Under current Singapore tax law there is no tax on capital gains and, thus,
any profits from the disposal of shares are not taxable in Singapore unless the
vendor is regarded as carrying on a trade in shares in Singapore, in which case
the disposal profits would be taxable as trade profits rather than capital
gains.
There is no stamp duty payable in respect of the holding and disposition of
shares, or the acquisition of newly issued shares. When outstanding shares are
acquired in Singapore, stamp duty is payable on the instrument of transfer of
the shares at the rate of S$2 for every S$1,000 of the market value of the
shares. The stamp duty is borne by the purchaser unless there is an agreement to
the contrary. Where the instrument of transfer is executed outside of Singapore,
stamp duty must be paid if the instrument of transfer is received in Singapore.
Under our articles, our directors are authorized to refuse to register a
transfer unless the instrument of transfer has been duly stamped.
INCOME TAXATION UNDER UNITED STATES LAW
Individual shareholders that are U.S. citizens or resident aliens, as
defined in the Internal Revenue Code, corporations or partnerships or other
entities created or organized under the laws of the United States, or any
political subdivision thereof, and certain trusts and estates ("U.S.
shareholders") will, upon the sale or exchange of a share, recognize gain or
loss for U.S. income tax purposes in an amount equal to the difference between
the amount realized and the U.S. shareholder's tax basis in such a share.
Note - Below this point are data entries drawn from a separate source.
(* Consider $N$ nodes, nodes $1,\dots,N_1$ Byzantine and nodes $N_1+1,\dots,N$ honest. For $k\in\{0,1\}$ and each node $i$, under hypothesis $H_k$ the data $Y_i$ is Gaussian, $Y_i\sim\mathcal N((\mu_{1k})_i,(\sigma_{1k})_i^2)$, where $(\mu_{10})_i=M\sigma_i^2$, $(\mu_{11})_i=(M+\eta_i)\sigma_i^2$, $(\sigma_{10})_i^2=2M\sigma_i^4$, $(\sigma_{11})_i^2=2(M+\eta_i)\sigma_i^4$, with $M>0$, $\sigma_i>0$, $\eta_i\ge0$. Each Byzantine node $i\le N_1$ reports $\tilde Y_i$, which with probability $1-P$ equals $Y_i$ and with probability $P$ equals $Y_i+\Delta_i$ under $H_0$ and $Y_i-\Delta_i$ under $H_1$; set $(\mu_{20})_i=M\sigma_i^2+\Delta_i$, $(\mu_{21})_i=(M+\eta_i)\sigma_i^2-\Delta_i$. Assume all $Y_i$ and all attack decisions are mutually independent. Let $w_{ji}^t$ be the $(j,i)$ entry of $W^t$, where $W=I-\epsilon\,\mathrm{diag}(1/w_1,\dots,1/w_N)L$. Let $U$ be the family of all subsets $A\subseteq\{1,\dots,N_1\}$, $A^c=\{1,\dots,N_1\}\setminus A$, $m_A=|A|$, and $(\mu_k)_A=\sum_{u\in A}w_{ju}^t(\mu_{1k})_u+\sum_{u\in A^c}w_{ju}^t(\mu_{2k})_u$. Let $\tilde\Lambda_j^t=\sum_{i=1}^{N_1}w_{ji}^t\tilde Y_i+\sum_{i=N_1+1}^N w_{ji}^tY_i$, and let node $j$ decide $H_1$ at iteration $t$ iff $\tilde\Lambda_j^t>\lambda$. Then the probability of detection $P_d^t(j)=\Pr(\tilde\Lambda_j^t>\lambda\mid H_1)$ and the probability of false alarm $P_f^t(j)=\Pr(\tilde\Lambda_j^t>\lambda\mid H_0)$ are $$P_d^t(j)=\sum_{A\in U}P^{N_1-m_A}(1-P)^{m_A}\,Q\!\left(\frac{\lambda-(\mu_1)_A-\sum_{i=N_1+1}^N w_{ji}^t(\mu_{11})_i}{\sqrt{\sum_{i=1}^N (w_{ji}^t(\sigma_{11})_i)^2}}\right),$$ $$P_f^t(j)=\sum_{A\in U}P^{N_1-m_A}(1-P)^{m_A}\,Q\!\left(\frac{\lambda-(\mu_0)_A-\sum_{i=N_1+1}^N w_{ji}^t(\mu_{10})_i}{\sqrt{\sum_{i=1}^N (w_{ji}^t(\sigma_{10})_i)^2}}\right).$$
   Context: $Q(x)=\Pr(Z>x)$ for $Z\sim\mathcal N(0,1)$. The network is an undirected graph on $N$ nodes with Laplacian $L=D-A$ ($A$ the adjacency matrix, $D$ the diagonal degree matrix), $\epsilon>0$ is the consensus time step and $w_1,\dots,w_N>0$ are the node weights. *)

theory Defs
  imports "HOL-Probability.Probability"
begin

definition Qfun :: "real \<Rightarrow> real" where
  "Qfun x = measure (density lborel std_normal_density) {x<..}"

(* Nodes are indexed 1..N. A is the adjacency matrix of an undirected graph. *)
definition degree :: "nat \<Rightarrow> (nat \<Rightarrow> nat \<Rightarrow> real) \<Rightarrow> nat \<Rightarrow> real" where
  "degree N A i = (\<Sum>k=1..N. A i k)"

definition laplacian :: "nat \<Rightarrow> (nat \<Rightarrow> nat \<Rightarrow> real) \<Rightarrow> nat \<Rightarrow> nat \<Rightarrow> real" where
  "laplacian N A i j = (if i = j then degree N A i else 0) - A i j"

definition consW :: "nat \<Rightarrow> (nat \<Rightarrow> nat \<Rightarrow> real) \<Rightarrow> real \<Rightarrow> (nat \<Rightarrow> real) \<Rightarrow> nat \<Rightarrow> nat \<Rightarrow> real" where
  "consW N A eps w i j = (if i = j then 1 else 0) - eps * (1 / w i) * laplacian N A i j"

fun matpow :: "nat \<Rightarrow> (nat \<Rightarrow> nat \<Rightarrow> real) \<Rightarrow> nat \<Rightarrow> nat \<Rightarrow> nat \<Rightarrow> real" where
  "matpow N B 0 i j = (if i = j then 1 else 0)"
| "matpow N B (Suc t) i j = (\<Sum>k=1..N. matpow N B t i k * B k j)"

(* hypothesis index k \<in> {0,1} *)
definition mu1 :: "nat \<Rightarrow> real \<Rightarrow> (nat \<Rightarrow> real) \<Rightarrow> (nat \<Rightarrow> real) \<Rightarrow> nat \<Rightarrow> real" where
  "mu1 k Md sig eta i = (if k = 0 then Md * sig i ^ 2 else (Md + eta i) * sig i ^ 2)"

definition sd1 :: "nat \<Rightarrow> real \<Rightarrow> (nat \<Rightarrow> real) \<Rightarrow> (nat \<Rightarrow> real) \<Rightarrow> nat \<Rightarrow> real" where
  "sd1 k Md sig eta i = (if k = 0 then sqrt (2 * Md * sig i ^ 4) else sqrt (2 * (Md + eta i) * sig i ^ 4))"

definition mu2 :: "nat \<Rightarrow> real \<Rightarrow> (nat \<Rightarrow> real) \<Rightarrow> (nat \<Rightarrow> real) \<Rightarrow> (nat \<Rightarrow> real) \<Rightarrow> nat \<Rightarrow> real" where
  "mu2 k Md sig eta Delta i = (if k = 0 then Md * sig i ^ 2 + Delta i else (Md + eta i) * sig i ^ 2 - Delta i)"

end

theory Submission
  imports Defs
begin

text \<open>
  Condition on the attack pattern, i.e. on the set A of Byzantine nodes that report truthfully.
  On that event the statistic is a fixed linear combination of the independent Gaussians Y_i plus
  the deterministic shift of the attacking nodes, so its tail probability is a value of Q.
  The pattern is determined by the attack decisions alone, hence independent of the data, and has
  probability P^(N1-|A|) (1-P)^|A|. Summing over the disjoint patterns gives the formula; the
  variance is nonzero because every row of W^t sums to 1.
\<close>

lemma (in prob_space) prob_normal_greater:
  assumes Z: "distributed M lborel Z (normal_density \<mu> \<sigma>)" and "\<sigma> > 0"
  shows "prob {x\<in>space M. Z x > a} = Qfun ((a - \<mu>) / \<sigma>)"
proof -
  let ?Z0 = "\<lambda>x. (Z x - \<mu>) / \<sigma>"
  have Z0: "distributed M lborel ?Z0 std_normal_density"
    using Z normal_standard_normal_convert[OF \<open>\<sigma> > 0\<close>] by simp
  have "{x\<in>space M. Z x > a} = ?Z0 -` {(a - \<mu>) / \<sigma><..} \<inter> space M"
    using \<open>\<sigma> > 0\<close> by (auto simp: divide_strict_right_mono field_simps)
  also have "prob \<dots> = measure (distr M lborel ?Z0) {(a - \<mu>) / \<sigma><..}"
    using distributed_measurable[OF Z0] by (simp add: measure_distr)
  also have "\<dots> = Qfun ((a - \<mu>) / \<sigma>)"
    unfolding Qfun_def using Z0 by (simp add: distributed_distr_eq_density)
  finally show ?thesis .
qed

lemma (in prob_space) indep_normal_lincomb_distributed:
  assumes "finite I" and indep: "indep_vars (\<lambda>_. borel) X I"
    and X: "\<And>i. i \<in> I \<Longrightarrow> distributed M lborel (X i) (normal_density (m i) (s i))"
    and s: "\<And>i. i \<in> I \<Longrightarrow> s i > 0"
    and "\<exists>i\<in>I. c i \<noteq> 0"
  shows "distributed M lborel (\<lambda>x. \<Sum>i\<in>I. c i * X i x)
           (normal_density (\<Sum>i\<in>I. c i * m i) (sqrt (\<Sum>i\<in>I. (c i * s i)\<^sup>2)))"
proof -
  \<comment> \<open>\<open>sum_indep_normal\<close> needs nondegenerate summands, so zero coefficients are dropped first.\<close>
  define I' where "I' = {i\<in>I. c i \<noteq> 0}"
  have "I' \<subseteq> I" "finite I'" "I' \<noteq> {}"
    using assms by (auto simp: I'_def intro: finite_subset)
  have "indep_vars (\<lambda>_. borel) (\<lambda>i x. c i * X i x) I'"
    using indep_vars_compose2[OF indep_vars_subset[OF indep \<open>I' \<subseteq> I\<close>], of "\<lambda>i y. c i * y"]
    by simp
  moreover have "distributed M lborel (\<lambda>x. c i * X i x) (normal_density (c i * m i) (\<bar>c i\<bar> * s i))"
    if "i \<in> I'" for i
    using normal_density_affine[OF X s, of i "c i" 0] that by (simp add: I'_def)
  ultimately have "distributed M lborel (\<lambda>x. \<Sum>i\<in>I'. c i * X i x)
      (normal_density (\<Sum>i\<in>I'. c i * m i) (sqrt (\<Sum>i\<in>I'. (\<bar>c i\<bar> * s i)\<^sup>2)))"
    using s \<open>finite I'\<close> \<open>I' \<noteq> {}\<close> by (intro sum_indep_normal) (auto simp: I'_def)
  moreover have "(\<Sum>i\<in>I'. f i) = (\<Sum>i\<in>I. f i)" if "\<And>i. c i = 0 \<Longrightarrow> f i = 0" for f :: "'b \<Rightarrow> real"
    using that \<open>finite I\<close> \<open>I' \<subseteq> I\<close> by (intro sum.mono_neutral_left) (auto simp: I'_def)
  ultimately show ?thesis
    by (simp add: power_mult_distrib)
qed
If
paid in currency other than U.S. dollars, the U.S. dollar amount realized, as
determined on the trade date, is determined by translating the foreign currency
into U.S. dollars at the spot rate in effect on the settlement date of the sale
in the case of a U.S. shareholder that is a cash basis taxpayer. An accrual
basis taxpayer may elect to use the spot rate in effect on the settlement date
of the sale by filing a statement with the U.S. shareholder's first return in
which the election is effective clearly indicating that the election has been
made. Such an election must be applied consistently from year to year and cannot
be changed without the consent of the Internal Revenue Service. Such gain or
loss will be capital gain or loss if the share was a capital asset in the hands
of the U.S. shareholder and will not be short-term capital gain or loss if the
share has been held for more than one year. If a U.S. shareholder receives any
currency other than U.S. dollars on the sale of a share, such U.S. shareholder
may recognize ordinary income or loss as a result of
8
10
currency fluctuations between the date of such sale and the date such sale
proceeds are converted into U.S. dollars.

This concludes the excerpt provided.